Sus afirmaciones iniciales muy generales, que luego va recortando al reconocer que la grave desigualdad social no torna de suyo al Estado indecente, ni destina inevitablemente al ciudadano en desventaja a un trato judicial desigual, reclaman un enfoque realista que dé viabilidad a la conclusión que deriva del planteo del autor sin restar certidumbre a la sociedad, a víctimas y transgresores cuando alguien está llamado a responder ante la ley penal[36].

En su misma línea de pensamiento, lo primero a discernir sería el contexto de desigualdad social relevante; determinarlo conceptualmente mediante sus notas más significativas y estimables. Sin ello sería imposible ir adelante, al menos sin entrar en una pura discreción judicial que eventualmente abra puertas a la arbitrariedad. El catedrático español Silva Sánchez –en obra posterior a la que nos ocupa- brinda una nota que creemos muy importante a ese efecto: el desconocimiento del derecho a la inclusión económica mínima[37], que podría referir a la línea de indigencia, a la de pobreza, al salario mínimo, vital y móvil, al ingreso universal u otro parámetro útil para su determinación. Como puede advertirse, se trata de un derecho que tiene el ciudadano y que emerge de los deberes contraídos por toda la ciudadanía en el ámbito de la corresponsabilidad inherente al Estado.

Luego habría que establecer la vinculación entre el hecho atribuido al agente y su pertenencia a ese contexto de desigualdad social. El obrar ilícito tendría que consistir en la transgresión de un deber positivo[38] y explicarse en ese contexto, no en relación de causa a efecto pero sí vinculado a una situación socialmente injusta debida a la afectación grave de sus derechos –especialmente el de inclusión económica mínima- y expectativas como miembro de la sociedad. Green sostiene sobre el particular que el examen debe comprender todas las circunstancias: las que tocan al agente, a su víctima y al hecho mismo de que se trata[39].

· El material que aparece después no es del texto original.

(* Let $B_J\in\mathbb R^{n\times n}$ satisfy $\|B_J\|_\infty<1$ (strict diagonal dominance by rows of $A=I-B_J$), and let $\mathcal B$ be any splitting of $B_J$. Then $\rho(T(\mathcal B))<1$, so the associated iterative scheme converges.
   Context: For $B\in\mathbb R^{n\times n}$, a splitting of $B$ of order $d\ge1$ is an ordered $d$-tuple $\mathcal B=(B_1,\dots,B_d)$ of real $n\times n$ matrices with $B_p\neq O$ for all $p$, $\sum_{p=1}^d B_p=B$, and $B_p\circ B_q=O$ (Hadamard product) for $p\ne q$. The iteration matrix of $\mathcal B$ is the $dn\times dn$ matrix $T(\mathcal B)=(I_{dn}-\mathcal L)^{-1}\mathcal U$, where $\mathcal L,\mathcal U$ are $d\times d$ block matrices with $n\times n$ blocks, $\mathcal L_{ij}=B_j$ if $i>j$ and $O$ otherwise, $\mathcal U_{ij}=B_j$ if $i\le j$ and $O$ otherwise. The associated scheme is $X^{(k+1)}=T(\mathcal B)X^{(k)}+\Gamma$. $\rho$ is spectral radius, $\|\cdot\|_\infty$ the maximum-row-sum norm. *)

theory Defs
  imports "Jordan_Normal_Form.Spectral_Radius" "Jordan_Normal_Form.Gauss_Jordan_Elimination"
begin

definition inf_norm :: "real mat \<Rightarrow> real" where
  "inf_norm B = (MAX i \<in> {..<dim_row B}. \<Sum>j<dim_col B. \<bar>B $$ (i, j)\<bar>)"

definition hadamard :: "real mat \<Rightarrow> real mat \<Rightarrow> real mat" where
  "hadamard A C = mat (dim_row A) (dim_col A) (\<lambda>(i, j). A $$ (i, j) * C $$ (i, j))"

(* a splitting of B of order d = length Bs; Bs ! p is B_{p+1} *)
definition is_splitting :: "nat \<Rightarrow> real mat \<Rightarrow> real mat list \<Rightarrow> bool" where
  "is_splitting n B Bs \<longleftrightarrow>
     B \<in> carrier_mat n n \<and> length Bs \<ge> 1 \<and>
     (\<forall>p < length Bs. Bs ! p \<in> carrier_mat n n \<and> Bs ! p \<noteq> 0\<^sub>m n n) \<and>
     foldr (+) Bs (0\<^sub>m n n) = B \<and>
     (\<forall>p < length Bs. \<forall>q < length Bs. p \<noteq> q \<longrightarrow> hadamard (Bs ! p) (Bs ! q) = 0\<^sub>m n n)"

(* block matrices: entry (i,j) of the dn x dn matrix lies in block (i div n, j div n) *)
definition blk_L :: "nat \<Rightarrow> real mat list \<Rightarrow> real mat" where
  "blk_L n Bs = mat (length Bs * n) (length Bs * n)
     (\<lambda>(i, j). if i div n > j div n then Bs ! (j div n) $$ (i mod n, j mod n) else 0)"

definition blk_U :: "nat \<Rightarrow> real mat list \<Rightarrow> real mat" where
  "blk_U n Bs = mat (length Bs * n) (length Bs * n)
     (\<lambda>(i, j). if i div n \<le> j div n then Bs ! (j div n) $$ (i mod n, j mod n) else 0)"

definition iter_mat :: "nat \<Rightarrow> real mat list \<Rightarrow> real mat" where
  "iter_mat n Bs = the (mat_inverse (1\<^sub>m (length Bs * n) - blk_L n Bs)) * blk_U n Bs"

end

theory Submission
  imports Defs
begin

text \<open>
  Write \<open>T = T(\<B>)\<close> and let \<open>\<lambda>\<close> be an eigenvalue of \<open>T\<close> with eigenvector \<open>v\<close>.
  Since \<open>I - \<L>\<close> is unit lower triangular, \<open>(I - \<L>) T = \<U>\<close>, and so \<open>v = (\<L> + \<U>/\<lambda>) v\<close>.
  If \<open>|\<lambda>| \<ge> 1\<close>, comparing the largest component of \<open>v\<close> with this equation bounds it by
  the largest row sum of \<open>|\<L>| + |\<U>|\<close> times itself. Because \<open>\<L>\<close> and \<open>\<U>\<close> have disjoint
  supports, row \<open>i\<close> of \<open>|\<L>| + |\<U>|\<close> consists of the entries of row \<open>i mod n\<close> of
  \<open>|B\<^sub>1|, \<dots>, |B\<^sub>d|\<close>; as the \<open>B\<^sub>p\<close> also have disjoint supports, its sum is that row
  of \<open>|B\<^sub>J|\<close>. So the row sums are at most \<open>\<parallel>B\<^sub>J\<parallel>\<^sub>\<infinity> < 1\<close>, which forces \<open>v = 0\<close>.
\<close>

lemma sum_lessThan_mult_blocks:
  fixes f :: "nat \<Rightarrow> 'a::comm_monoid_add"
  shows "sum f {..<d * n} = (\<Sum>p<d. \<Sum>m<n. f (p * n + m))"
proof (induction d)
  case 0
  then show ?case by simp
next
  case (Suc d)
  have "{..<Suc d * n} = {..<d * n} \<union> {d * n..<d * n + n}" by auto
  then have "sum f {..<Suc d * n} = sum f {..<d * n} + sum f {d * n..<d * n + n}"
    by (simp add: sum.union_disjoint ivl_disj_int)
  also have "sum f {d * n..<d * n + n} = (\<Sum>m<n. f (d * n + m))"
    by (simp add: sum.shift_bounds_nat_ivl[where k = "d * n" and m = 0, simplified]
        lessThan_atLeast0 add.commute)
  finally show ?case using Suc by simp
qed
(* For $a\in\mathbb{C}\setminus\{0\}$ let $f_a(z)=\dfrac{z^2-a}{z^2+a}$. If $a\neq\pm1$, then $\mathrm{Deck}(f_a^k)\cong V_4$ for all $k\ge2$ (explicitly, $\mathrm{Deck}(f_a^2)=\{z,\,-z,\,a/z,\,-a/z\}$).
   Context: $\mathrm{Deck}(F)=\{\tau \text{ Möbius} : F\circ\tau=F\}$; $V_4$ is the Klein four-group; $f_a^k$ is the $k$-th iterate of $f_a$. *)

theory Defs
  imports Complex_Main "HOL-Algebra.Group"
begin

text \<open>The Riemann sphere: None is the point at infinity.\<close>
type_synonym sphere = "complex option"

definition moebius_app :: "complex \<Rightarrow> complex \<Rightarrow> complex \<Rightarrow> complex \<Rightarrow> sphere \<Rightarrow> sphere" where
  "moebius_app a b c d w =
     (case w of
        Some z \<Rightarrow> (if c * z + d \<noteq> 0 then Some ((a * z + b) / (c * z + d)) else None)
      | None \<Rightarrow> (if c \<noteq> 0 then Some (a / c) else None))"

definition is_moebius :: "(sphere \<Rightarrow> sphere) \<Rightarrow> bool" where
  "is_moebius \<tau> \<longleftrightarrow> (\<exists>a b c d. a * d - b * c \<noteq> 0 \<and> \<tau> = moebius_app a b c d)"

definition f_map :: "complex \<Rightarrow> sphere \<Rightarrow> sphere" where
  "f_map a w =
     (case w of
        Some z \<Rightarrow> (if z^2 + a \<noteq> 0 then Some ((z^2 - a) / (z^2 + a)) else None)
      | None \<Rightarrow> Some 1)"

definition Deck :: "(sphere \<Rightarrow> sphere) \<Rightarrow> (sphere \<Rightarrow> sphere) set" where
  "Deck F = {\<tau>. is_moebius \<tau> \<and> F \<circ> \<tau> = F}"

definition Deck_group :: "(sphere \<Rightarrow> sphere) \<Rightarrow> (sphere \<Rightarrow> sphere) monoid" where
  "Deck_group F = \<lparr>carrier = Deck F, monoid.mult = (\<circ>), one = id\<rparr>"

definition V4 :: "(bool \<times> bool) monoid" where
  "V4 = \<lparr>carrier = UNIV, monoid.mult = (\<lambda>(p, q) (r, s). (p \<noteq> r, q \<noteq> s)), one = (False, False)\<rparr>"

end

theory Submission
  imports Defs "HOL-Computational_Algebra.Polynomial"
begin

text \<open>Write \<open>\<phi>(w) = (w\<^sup>2 - a)/(w\<^sup>2 + a)\<close> for \<open>f\<^sub>a\<close> on \<open>\<complex>\<close>. A Moebius map \<open>\<tau>\<close> with
  \<open>f\<^sub>a\<^sup>n \<circ> \<tau> = f\<^sub>a\<^sup>n\<close> satisfies \<open>\<phi>\<^sup>n \<circ> \<tau> = \<phi>\<^sup>n\<close> off a finite set. Since \<open>\<phi>(v) = \<phi>(w)\<close> forces
  \<open>v\<^sup>2 = w\<^sup>2\<close>, \<open>\<phi>(v) = -\<phi>(w)\<close> forces \<open>(v w)\<^sup>2 = a\<^sup>2\<close>, and rational functions form an integral
  domain, \<open>\<phi>\<^sup>j\<^sup>+\<^sup>1 \<circ> \<tau> = \<phi>\<^sup>j\<^sup>+\<^sup>1\<close> gives \<open>\<phi>\<^sup>j \<circ> \<tau> = \<plusminus>\<phi>\<^sup>j\<close>, while \<open>\<phi>\<^sup>j\<^sup>+\<^sup>1 \<circ> \<tau> = -\<phi>\<^sup>j\<^sup>+\<^sup>1\<close>
  gives \<open>(\<phi>\<^sup>j \<circ> \<tau>) \<cdot> \<phi>\<^sup>j = c\<close> with \<open>c = \<plusminus>a\<close>. Descending from \<open>j = n\<close> one ends with \<open>\<tau>(z) = \<plusminus>z\<close>,
  or with \<open>\<tau>(z) = c/z\<close> (the second alternative at \<open>j = 0\<close>), because the second alternative
  at \<open>j \<ge> 1\<close> is impossible: pick \<open>z\<^sub>0\<close> where \<open>\<phi>\<^sup>j\<close> has nonzero derivative and the value
  \<open>-c\<close>; then \<open>H = c/\<phi>\<^sup>j\<close> takes the value \<open>-1\<close> at \<open>z\<^sub>0\<close> with nonzero derivative, and the
  rational function \<open>A = \<phi>\<^sup>j\<^sup>-\<^sup>1 \<circ> \<tau>\<close> satisfies \<open>A\<^sup>2 = a(1 + H)/(1 - H)\<close>, a function with a
  simple zero at \<open>z\<^sub>0\<close>, whereas squares of rational functions have zeros of even order only.
  Conversely, \<open>f\<^sub>a(-z) = f\<^sub>a(z)\<close> and \<open>f\<^sub>a(a/z) = -f\<^sub>a(z)\<close>, so \<open>\<plusminus>z\<close> and \<open>\<plusminus>a/z\<close> are deck
  transformations of every \<open>f\<^sub>a\<^sup>n\<close> with \<open>n \<ge> 2\<close>; they form a Klein four-group.\<close>

section \<open>Rational functions modulo finite sets\<close>

text \<open>Equality is only required off a finite set, so the junk value \<open>x / 0 = 0\<close> at poles
  never matters.\<close>

definition rational_fun :: "(complex \<Rightarrow> complex) \<Rightarrow> bool" where
  "rational_fun h \<longleftrightarrow> (\<exists>P Q. Q \<noteq> 0 \<and> (MOST z. h z = poly P z / poly Q z))"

La sola presencia del agente en un ilícito punible que se explica por su ámbito de vida, signado por la injusta desigualdad, estaría poniendo en cuestión al Estado. Ninguna duda cabe que le era exigible conducirse de otra manera que la antijurídica escogida, pero le era exigible ante quien ha sido su víctima[40] y no ante un Estado indecente, ese que no prueba haberse esforzado en dar a todos los suyos esa inclusión económica mínima que es cartabón de justicia social y garantizar la igualdad de trato al que se encuentra en desventaja por su pertenencia social[41].

La carga de la prueba está a la vista, y hay interrogantes que subsisten. Lo único que se puede decir hasta aquí es que los funcionarios estatales deberían aportarla cada vez que esté en juego su responsabilidad y que competerá al juzgador expedirse al respecto sin otras pautas objetivas que las que pueda ir dando la legislación o la jurisprudencia.

Gargarella no hace explícita la manera en que concluiría la intervención de los órganos públicos al verse desautorizados por la indecencia estatal, algo indispensable para saber cuáles serían sus efectos, como asimismo para encontrar la víctima en ello una explicación, satisfactoria o no, tomar la sociedad conciencia de lo que está viviendo, y asumir el Estado la responsabilidad que le cabe en bien de todos sus ciudadanos.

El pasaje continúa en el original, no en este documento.